The DBus daemon and out of memory conditions (and systemd)
We have a number of systems where for reasons beyond the scope of
this entry, we enable strict overcommit. In
this mode, when you reach the system's memory limits the Linux
kernel will deny memory allocations but usually not trigger the
OOM killer to terminate processes. It's up
to programs to deal with failed memory allocations as best they
can, which doesn't always go very well. In our current setup on the
most common machines we operate this way, we've set the
vm.admin_reserve_kbytes sysctl to reserve enough space for root
so that most or all of our system management scripts keep working
and we at least don't get deluged in email from cron about jobs
failing. This mostly works.
(The sysctl is documented in vm.txt.)
Recently several of these machines hit an interesting failure mode
that required rebooting them, even after the memory usage had
finished. The problem is DBus, or more specifically the DBus daemon.
The direct manifestation of the problem is that
an error message:
dbus-daemon: [system] dbus-daemon transaction failed (OOM), sending error to sender inactive
After this error message is logged, attempts to do certain sorts of systemd-related DBus operations hang until they time out (if the software doing them has a timeout). Logins over SSH take quite a while to give you a shell, for example, as they fail to create sessions:
pam_systemd(sshd:session): Failed to create session: Connection timed out
The most relevant problem for us on these machines is that attempts to query metrics from the Prometheus host agent start hanging, likely because we have it set to pull information from systemd and this is done over DBus. Eventually there are enough hung metric probes so that the host agent starts refusing our attempts immediately.
The DBus daemon is not easy to restart (systemd will normally refuse
to let you do it directly, for example), so I haven't found any
good way of clearing this state. So far my method of recovering a
system in this state is to reboot it, which I generally have to do
reboot -f' because a plain '
reboot' hangs (it's probably
trying to talk to systemd over DBus).
I believe that part of what creates this issue is that the DBus
daemon is not protected by
sysctl specifically reserves space for UID 0 processes, but
dbus-daemon doesn't run as UID 0; it runs as its own UID (often
messagebus), for good security related reasons. As far as I know,
there's no way to protect an arbitrary UID through
vm.admin_reserve_kbytes; it specifically applies only to processes
that hold a relatively powerful Linux security capability,
cap_sys_admin. And unified cgroups (cgroup v2) don't have
a true guaranteed memory reservation, just a best effort one (and
we're using cgroup v1 anyway, which doesn't have anything here).
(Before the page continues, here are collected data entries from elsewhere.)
(* Let $M$ be a path-connected pre-$\Delta$-monoid with identity $e$. If $\alpha_n\in\Omega(M,e)$ is a null-sequence and $\phi:\mathbb{N}\to\mathbb{N}$ is a bijection, then $\prod_{n=1}^\infty\alpha_n\simeq\prod_{n=1}^\infty\alpha_{\phi(n)}$ by a path-homotopy with image in $\mathrm{Im}\left(\prod_{n=1}^\infty\alpha_n\right)\ast\mathrm{Im}\left(\prod_{n=1}^\infty\alpha_n\right)$.
   Context: A pre-$\Delta$-monoid is a space $M$ with an associative operation $\ast$ with identity $e$ such that for any continuous paths $\alpha,\beta:[0,1]\to M$, the pointwise product $t\mapsto\alpha(t)\ast\beta(t)$ is continuous. For $A,B\subseteq M$, $A\ast B=\{a\ast b\mid a\in A,b\in B\}$. A sequence of loops $\alpha_n\in\Omega(M,e)$ is a null-sequence if every neighborhood of $e$ contains $\mathrm{Im}(\alpha_n)$ for all but finitely many $n$; its infinite concatenation $\prod_{n=1}^\infty\alpha_n$ is the loop equal to (a linear reparametrization of) $\alpha_n$ on $[\frac{n-1}{n},\frac{n}{n+1}]$ and sending $1$ to $e$. *)

theory Defs
  imports "HOL-Analysis.Analysis"
begin

definition pre_Delta_monoid :: "('a::topological_space \<Rightarrow> 'a \<Rightarrow> 'a) \<Rightarrow> 'a \<Rightarrow> bool" where
  "pre_Delta_monoid mul e \<longleftrightarrow>
     (\<forall>x y z. mul (mul x y) z = mul x (mul y z)) \<and>
     (\<forall>x. mul e x = x \<and> mul x e = x) \<and>
     (\<forall>\<alpha> \<beta>. path \<alpha> \<and> path \<beta> \<longrightarrow> path (\<lambda>t. mul (\<alpha> t) (\<beta> t)))"

definition set_mult :: "('a \<Rightarrow> 'a \<Rightarrow> 'a) \<Rightarrow> 'a set \<Rightarrow> 'a set \<Rightarrow> 'a set" where
  "set_mult mul A B = {mul a b | a b. a \<in> A \<and> b \<in> B}"

definition loop_at :: "'a::topological_space \<Rightarrow> (real \<Rightarrow> 'a) \<Rightarrow> bool" where
  "loop_at e \<gamma> \<longleftrightarrow> path \<gamma> \<and> pathstart \<gamma> = e \<and> pathfinish \<gamma> = e"

definition null_sequence :: "'a::topological_space \<Rightarrow> (nat \<Rightarrow> real \<Rightarrow> 'a) \<Rightarrow> bool" where
  "null_sequence e \<alpha> \<longleftrightarrow>
     (\<forall>n. loop_at e (\<alpha> n)) \<and>
     (\<forall>U. open U \<and> e \<in> U \<longrightarrow> (\<forall>\<^sub>F n in sequentially. path_image (\<alpha> n) \<subseteq> U))"

text \<open>Infinite concatenation. Sequences are indexed from 0: the k-th loop
  (k = n-1 in the paper's 1-based indexing) is run, linearly reparametrised,
  on [k/(k+1), (k+1)/(k+2)], and 1 is sent to e.\<close>
definition inf_concat :: "'a \<Rightarrow> (nat \<Rightarrow> real \<Rightarrow> 'a) \<Rightarrow> real \<Rightarrow> 'a" where
  "inf_concat e \<alpha> t =
     (if t < 1 then
        (let k = nat \<lfloor>1 / (1 - t)\<rfloor> - 1
         in \<alpha> k ((t - real k / (real k + 1)) * ((real k + 1) * (real k + 2))))
      else e)"

end

theory Submission
  imports Defs
begin

text \<open>Reparametrise the concatenation so that the n-th loop runs on the dyadic block
  [1 - 2^-n, 1 - 2^-(n+1)]. Let \<open>\<sigma>\<^sub>m\<close> be the bijection that agrees with \<open>\<phi>\<close> below m and
  lists the remaining indices in their original order; \<open>\<sigma>\<^sub>m\<^sub>+\<^sub>1\<close> arises from \<open>\<sigma>\<^sub>m\<close> by moving
  the loop at position r, where \<open>\<sigma>\<^sub>m r = \<phi> m\<close>, forward to position m. This move is a homotopy
  inside Im * Im: the concatenation along \<open>\<sigma>\<^sub>m\<close> is the pointwise product of the concatenation
  with the blocks m, ..., r-1 collapsed and the concatenation of just these blocks, and sliding
  the two factors against each other by one block yields the concatenation along \<open>\<sigma>\<^sub>m\<^sub>+\<^sub>1\<close>.
  Performing the m-th move during the m-th dyadic block of the homotopy parameter gives a
  homotopy on [0, 1) \<times> [0, 1]. It extends continuously to the concatenation along \<open>\<phi>\<close> at
  parameter 1: the m-th move is stationary on the first m blocks, and on the others it only
  multiplies values of loops with large index, which are close to e because the pointwise product
  of the concatenation with itself is continuous at (1, 1).\<close>

section \<open>Dyadic concatenation\<close>

definition dyadic_block :: "real \<Rightarrow> nat" where
  "dyadic_block x = (LEAST j. x < 1 - (1/2)^(Suc j))"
We're probably making this DBus issue much more likely to happen by having the Prometheus host agent talk to systemd, since this generates DBus traffic every time our Prometheus setup pulls host metrics from the agent (currently, every 15 seconds). At the same time, the systemd information is useful to find services that are dead when they shouldn't be and other problems.
(It would be an improvement if the Prometheus host agent would handle this sort of DBus timeout during queries, but that would only mean we got host metrics back, not that DBus was healthy again.)
PS: For us, all of this is happening on Ubuntu 18.04 with their version of systemd 237 and dbus 1.12.2. However I suspect that this isn't Ubuntu specific. I also doubt that this is systemd specific; I rather suspect that any DBus service using the system bus is potentially affected, and it's just that the most commonly used ones are from systemd and its related services.
(In fact on our Ubuntu 18.04 servers there doesn't seem to be much on the system bus apart from systemd related things, so if there are DBus problems at all, it's going to be experienced with them.)